I'm using boost 1.46.1 and VS2008. Full source code is below. Program was run on Core i5 750 machine.
#include <iostream>
#include <vector>
#include <cmath>
#include <boost/thread.hpp>
#include <boost/timer.hpp>
typedef unsigned int uint;
struct Vector {
float x, y, z;
Vector() : x(0.f), y(0.f), z(0.f) {}
float len() {
return sqrtf(x*x + y*y + z*z);
}
};
float norm(int a) {
return float((a % 10) + 1) / 10.f;
}
void genVectors(std::vector<Vector>& examples) {
srand(GetTickCount());
for (uint i = 0; i < examples.size(); ++i) {
examples[i].x = norm(rand());
examples[i].y = norm(rand());
examples[i].z = norm(rand());
}
}
typedef std::vector<Vector> Data;
typedef Data::iterator DataIter;
typedef std::vector<float> Result;
typedef Result::iterator ResultIter;
struct Worker {
Data data;
Result result;
Worker(DataIter& dataStart,
const DataIter& dataEnd,
ResultIter& resultStart,
const ResultIter& resultEnd) : data(dataStart, dataEnd), result(resultStart, resultEnd) {
assert(data.size() == result.size());
}
void operator()() {
DataIter di = data.begin();
ResultIter ri = result.begin();
const DataIter dend = data.end();
for (; di != dend; ++di, ++ri) {
*ri = di->len();
}
}
};
int main(int argc, char **argv) {
const uint numThreads = 4;
const uint seqLen = 13107200;
std::vector<Vector> a;
a.resize(seqLen);
genVectors(a);
std::vector<float> singleThreadResult(a.size());
assert(a.size() == singleThreadResult.size());
boost::timer singleThreadTimer;
for (uint i = 0; i < a.size(); ++i) {
singleThreadResult[i] = a[i].len();
}
double singleThreadTime = singleThreadTimer.elapsed();
std::vector<float> multiThreadResult(a.size());
Worker* workers[numThreads];
for (uint i = 0; i < numThreads; ++i) {
uint chunkSize = seqLen / numThreads;
assert(numThreads * chunkSize == seqLen);
workers[i] = new Worker(a.begin() + i*chunkSize,
a.begin() + (i+1)*chunkSize,
multiThreadResult.begin() + i*chunkSize,
multiThreadResult.begin() + (i+1)*chunkSize);
}
boost::timer multiThreadTimer;
boost::thread_group threads;
for (uint i = 0; i < numThreads; ++i) {
threads.create_thread(boost::ref(*workers[i]));
}
threads.join_all();
double multiThreadTime = multiThreadTimer.elapsed();
using namespace std;
cout << "Single thread time: " << singleThreadTime << endl;
cout << numThreads << " threads time: " << multiThreadTime << endl;
return 0;
}
Upvotes: 2
Views: 1831
Reputation: 4667
When you use system threading, there is no guarantee that every thread will be run on a separate core.
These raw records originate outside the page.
lemma face_dissipation_difference_bigo:
  fixes x :: real and j :: int
  assumes "smooth_fun f" "smooth_fun g" and m_between: "\<And>a b. min a b \<le> m a b \<and> m a b \<le> max a b"
  defines "L \<equiv> \<lambda>i h. muscl_uL (1/2) (grid g x h) i" and "R \<equiv> \<lambda>i h. muscl_uR (1/2) (grid g x h) i"
  shows "(\<lambda>h. \<bar>deriv f (m (L j h) (R j h))\<bar> * (R j h - L j h)
            - \<bar>deriv f (m (L (j - 1) h) (R (j - 1) h))\<bar> * (R (j - 1) h - L (j - 1) h))
         \<in> O[at 0](\<lambda>h. h ^ 4)"
proof -
  have mid: "(\<lambda>h. m (L i h) (R i h) - g x) \<in> O[at 0](\<lambda>h. h)" for i
    using muscl_face_states_bigo(4,5)[OF assms(2), of x i]
    by (intro between_bigo[OF m_between]) (simp_all add: L_def R_def)
  define c where "c = (deriv ^^ 3) g x / 8"
  have jump: "(\<lambda>h. R i h - L i h + c * h ^ 3) \<in> O[at 0](\<lambda>h. h ^ 4)" for i
    using muscl_face_sum_and_jump_bigo(2)[OF assms(2), of x i] by (simp add: L_def R_def c_def)
  have "(\<lambda>h. ((m (L j h) (R j h) - g x) - (m (L (j - 1) h) (R (j - 1) h) - g x))
          * (R (j - 1) h - L (j - 1) h)) \<in> O[at 0](\<lambda>h. h * h ^ 3)"
    using muscl_face_states_bigo(1)[OF assms(2), of x "j - 1"]
    by (intro landau_o.big.mult[OF sum_in_bigo(2)[OF mid mid]]) (simp add: L_def R_def)
  then have "(\<lambda>h. (m (L j h) (R j h) - m (L (j - 1) h) (R (j - 1) h)) * (R (j - 1) h - L (j - 1) h))
      \<in> O[at 0](\<lambda>h. h ^ 4)"
    by (simp add: power_Suc[symmetric] del: power_Suc)
  moreover have "(\<lambda>h. (R j h - L j h + c * h ^ 3) - (R (j - 1) h - L (j - 1) h + c * h ^ 3))
      \<in> O[at 0](\<lambda>h. h ^ 4)"
    using jump[of j] jump[of "j - 1"] by (rule sum_in_bigo)
  moreover have "((\<lambda>h. m (L i h) (R i h)) \<longlongrightarrow> g x) (at 0)" for i
    using mid by (rule bigo_at_0_imp_tendsto)
  ultimately show ?thesis
    by (intro dissipation_difference_bigo[OF assms(1)]) simp_all
qed

lemma num_flux_difference_bigo:
  fixes x :: real and j :: int
  assumes "smooth_fun f" "smooth_fun g" and m_between: "\<And>a b. min a b \<le> m a b \<and> m a b \<le> max a b"
  shows "(\<lambda>h. num_flux f m (1/2) (grid g x h) j - num_flux f m (1/2) (grid g x h) (j - 1)
            - (f (g (x + (of_int j + 1/2) * h)) - f (g (x + (of_int j - 1/2) * h)))) \<in> O[at 0](\<lambda>h. h ^ 4)"
proof -
  define L where "L i h = muscl_uL (1/2) (grid g x h) i" for i h
  define R where "R i h = muscl_uR (1/2) (grid g x h) i" for i h
  define w where "w i h = g (x + (of_int i + 1/2) * h)" for i h
  define E where "E i h = (f (L i h) + f (R i h)) / 2 - f (w i h)" for i h
  define D where "D i h = \<bar>deriv f (m (L i h) (R i h))\<bar> * (R i h - L i h)" for i h
  have avg: "E i \<in> O[at 0](\<lambda>h. h ^ 4)" for i
    unfolding E_def L_def R_def w_def by (rule face_flux_average_bigo[OF assms(1,2)])
  have diss: "(\<lambda>h. D j h - D (j - 1) h) \<in> O[at 0](\<lambda>h. h ^ 4)"
    unfolding D_def L_def R_def by (rule face_dissipation_difference_bigo[OF assms])
  then have "(\<lambda>h. (D j h - D (j - 1) h) / 2) \<in> O[at 0](\<lambda>h. h ^ 4)"
    by simp
  with avg[of j] avg[of "j - 1"]
  have "(\<lambda>h. E j h - E (j - 1) h - (D j h - D (j - 1) h) / 2) \<in> O[at 0](\<lambda>h. h ^ 4)"
    by (intro sum_in_bigo)
  moreover have "w j h = g (x + (of_int j + 1/2) * h)" "w (j - 1) h = g (x + (of_int j - 1/2) * h)" for h
    by (simp_all add: w_def algebra_simps)
  then have "(\<lambda>h. num_flux f m (1/2) (grid g x h) j - num_flux f m (1/2) (grid g x h) (j - 1)
            - (f (g (x + (of_int j + 1/2) * h)) - f (g (x + (of_int j - 1/2) * h))))
      = (\<lambda>h. E j h - E (j - 1) h - (D j h - D (j - 1) h) / 2)"
    by (simp add: fun_eq_iff num_flux_def Let_def E_def D_def L_def R_def field_simps)
  ultimately show ?thesis
    by simp
qed

text \<open>The PDE gives the derivative of f \<circ> u as s - u_t; this makes f \<circ> u smooth without a chain
  rule for higher derivatives.\<close>

lemma composite_flux_smooth:
  assumes f: "smooth_fun f" and g: "smooth_fun g" and V: "smooth_fun V" and S: "smooth_fun S"
    and pde: "\<And>y. V y + deriv (\<lambda>y. f (g y)) y = S y"
  shows "smooth_fun (\<lambda>y. f (g y))"
    and "deriv (\<lambda>y. f (g y)) x = S x - V x"
    and "(deriv ^^ 3) (\<lambda>y. f (g y)) x = (deriv ^^ 2) S x - (deriv ^^ 2) V x"
proof -
  have \<Phi>': "((\<lambda>y. f (g y)) has_real_derivative S y - V y) (at y)" for y
  proof -
    have chain: "((\<lambda>y. f (g y)) has_real_derivative deriv f (g y) * deriv g y) (at y)"
      using smooth_fun_has_real_derivative[OF f, of 0] smooth_fun_has_real_derivative[OF g, of 0]
      by (auto intro: DERIV_chain2)
    with pde[of y] DERIV_imp_deriv[OF chain] have "S y - V y = deriv f (g y) * deriv g y"
      by linarith
    with chain show ?thesis by simp
  qed
  show "smooth_fun (\<lambda>y. f (g y))"
    by (rule smooth_fun_primitive[OF \<Phi>' smooth_fun_diff[OF S V]])
  show "deriv (\<lambda>y. f (g y)) x = S x - V x"
    and "(deriv ^^ 3) (\<lambda>y. f (g y)) x = (deriv ^^ 2) S x - (deriv ^^ 2) V x"
    using DERIV_imp_deriv[OF \<Phi>'] deriv_funpow_primitive[OF \<Phi>', of 2] deriv_funpow_diff[OF S V, of 2]
    by (simp_all add: numeral_3_eq_3)
qed

lemma trunc_err_bigo_at_0:
  assumes f: "smooth_fun f" and m_between: "\<And>a b. min a b \<le> m a b \<and> m a b \<le> max a b"
    and g: "smooth_fun (\<lambda>y. u y t)" and V: "smooth_fun (\<lambda>y. deriv (\<lambda>\<tau>. u y \<tau>) t)"
    and S: "smooth_fun (\<lambda>y. s y t)"
    and pde: "\<And>y. deriv (\<lambda>\<tau>. u y \<tau>) t + deriv (\<lambda>y. f (u y t)) y = s y t"
  shows "(\<lambda>h. trunc_err f m (1/2) u s h x t) \<in> O[at 0](\<lambda>h. h ^ 3)"
proof -
  define g where "g y = u y t" for y
  define V where "V y = deriv (\<lambda>\<tau>. u y \<tau>) t" for y
  define S where "S y = s y t" for y
  define \<Phi> where "\<Phi> y = f (g y)" for y
  have g: "smooth_fun g" and V: "smooth_fun V" and S: "smooth_fun S"
    using g V S by (simp_all add: g_def [abs_def] V_def [abs_def] S_def [abs_def])
  have "V y + deriv (\<lambda>y. f (g y)) y = S y" for y
    using pde by (simp add: g_def V_def S_def)
  note \<Phi> = composite_flux_smooth[OF f g V S this, folded \<Phi>_def [abs_def]]
  define rV where "rV h = V (x + h) - 2 * V x + V (x - h) - (deriv ^^ 2) V x * h ^ 2" for h
  define rS where "rS h = S (x + h) - 2 * S x + S (x - h) - (deriv ^^ 2) S x * h ^ 2" for h
  define r\<Phi> where
    "r\<Phi> h = \<Phi> (x + h / 2) - \<Phi> (x - h / 2) - deriv \<Phi> x * h - (deriv ^^ 3) \<Phi> x / 24 * h ^ 3" for h
  define rF where "rF h = num_flux f m (1/2) (grid g x h) 0 - num_flux f m (1/2) (grid g x h) (-1)
            - (\<Phi> (x + h / 2) - \<Phi> (x - h / 2))" for h
  have "eventually (\<lambda>h. trunc_err f m (1/2) u s h x t = rV h / 24 - rS h / 24 + (rF h + r\<Phi> h) / h) (at 0)"
  proof (rule eventually_mono[OF eventually_neq_at_within[of 0 0 UNIV]])
    fix h :: real assume "h \<noteq> 0"
    have "(\<lambda>k::int. u (x + of_int k * h) t) = grid g x h"
      and "(\<lambda>k::int. deriv (\<lambda>\<tau>. u (x + of_int k * h) \<tau>) t) = (\<lambda>k. V (x + of_int k * h))"
      and "(\<lambda>k::int. s (x + of_int k * h) t) = (\<lambda>k. S (x + of_int k * h))"
      by (simp_all add: fun_eq_iff grid_def g_def V_def S_def)
    with \<open>h \<noteq> 0\<close> show "trunc_err f m (1/2) u s h x t = rV h / 24 - rS h / 24 + (rF h + r\<Phi> h) / h"
      unfolding trunc_err_def
      by (simp add: Let_def rV_def rS_def r\<Phi>_def rF_def \<Phi>(2,3) field_simps
          power2_eq_square power3_eq_cube)
  qed
  moreover have "(\<lambda>h. rV h / 24 - rS h / 24 + (rF h + r\<Phi> h) / h) \<in> O[at 0](\<lambda>h. h ^ 3)"
  proof (intro sum_in_bigo bigo_divide_at_0)
    show "(\<lambda>h. rV h / 24) \<in> O[at 0](\<lambda>h. h ^ 3)" "(\<lambda>h. rS h / 24) \<in> O[at 0](\<lambda>h. h ^ 3)"
      using second_difference_bigo[OF V, of x] second_difference_bigo[OF S, of x]
      by (auto simp: rV_def [abs_def] rS_def [abs_def] intro: landau_o.big_trans[OF _ bigo_power_at_0])
    show "rF \<in> O[at 0](\<lambda>h. h ^ Suc 3)" "r\<Phi> \<in> O[at 0](\<lambda>h. h ^ Suc 3)"
      using num_flux_difference_bigo[OF f g m_between, of x 0] central_difference_bigo[OF \<Phi>(1), of x]
      by (simp_all add: rF_def [abs_def] r\<Phi>_def [abs_def] \<Phi>_def)
  qed
  ultimately show ?thesis
    by (simp add: landau_o.big.in_cong)
qed

theorem mainTheorem2:
  fixes f :: "real \<Rightarrow> real" and m :: "real \<Rightarrow> real \<Rightarrow> real"
    and u s :: "real \<Rightarrow> real \<Rightarrow> real"
  assumes f_smooth: "smooth_fun f"
    and m_between: "\<And>a b. min a b \<le> m a b \<and> m a b \<le> max a b"
    and u_x_smooth: "\<And>t. smooth_fun (\<lambda>x. u x t)"
    and u_t_diff: "\<And>x t. (\<lambda>\<tau>. u x \<tau>) differentiable (at t)"
    and u_t_smooth: "\<And>t. smooth_fun (\<lambda>x. deriv (\<lambda>\<tau>. u x \<tau>) t)"
    and s_smooth: "\<And>t. smooth_fun (\<lambda>x. s x t)"
    and pde: "\<And>x t. deriv (\<lambda>\<tau>. u x \<tau>) t + deriv (\<lambda>y. f (u y t)) x = s x t"
  shows "\<forall>x t. (\<lambda>h. trunc_err f m (1/2) u s h x t) \<in> O[at_right 0](\<lambda>h. h ^ 3)"
proof (intro allI)
  fix x t
  have "(\<lambda>h. trunc_err f m (1/2) u s h x t) \<in> O[at 0](\<lambda>h. h ^ 3)"
    by (rule trunc_err_bigo_at_0[OF f_smooth m_between u_x_smooth u_t_smooth s_smooth pde])
  then show "(\<lambda>h. trunc_err f m (1/2) u s h x t) \<in> O[at_right 0](\<lambda>h. h ^ 3)"
    by (rule landau_o.big.filter_mono[rotated]) (simp add: at_le)
qed

end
You can't assign a core for a thread - that's the OS task. And given that you have 4 threads in your application, the OS can really run them on a single core depending on the overall CPU load and gazillion other factors.
Upvotes: 0
Reputation: 393709
for a scenario like this, by all means I'd prefer OpenMP #pragma parallel for
, or simply use gcc -fopenmp -D_GLIBCXX_PARALLEL
and (likely) get automatic parallelization...
Upvotes: 0
Reputation:
I've always found that it is impossible to predict the "best" number of threads for a given problem running on a given hardware configuration. My approach has been to parameterise the number of threads from the command line, and try various numbers until I hit the "sweet spot".
Upvotes: 0
Reputation: 7954
According to the Intel website, the Core i5 750 processor has 4 cores and supports 4 threads, so you shouldn't expect any more performance from 8 threads than from 4. By adding more threads to your software than you have processors (or hyperthreads) you are just adding more context switch overhead.
As to why 4 threads is no faster than 2, I would guess it is to do with the size of the working set of data. The data set is much bigger than the 8MB cache, so your test application is probably memory bandwidth limited.
To test this out, try benchmarking with a data set which fits in the cache.
Upvotes: 2
Reputation: 16769
You may have 4 cores in your Core i5 750 machine, but you still have single data bus. All of the used data (13107200 * 3 * sizeof(float) = 157 MB) must pass through this data bus. And then there is a resulting vector of "mere" 13107200 * sizeof(float) = 52 MB, which takes the same resource. All this is heavy on the cache, and 4 cores spend a lot of time waiting for memory to be available for either read or write.
Upvotes: 1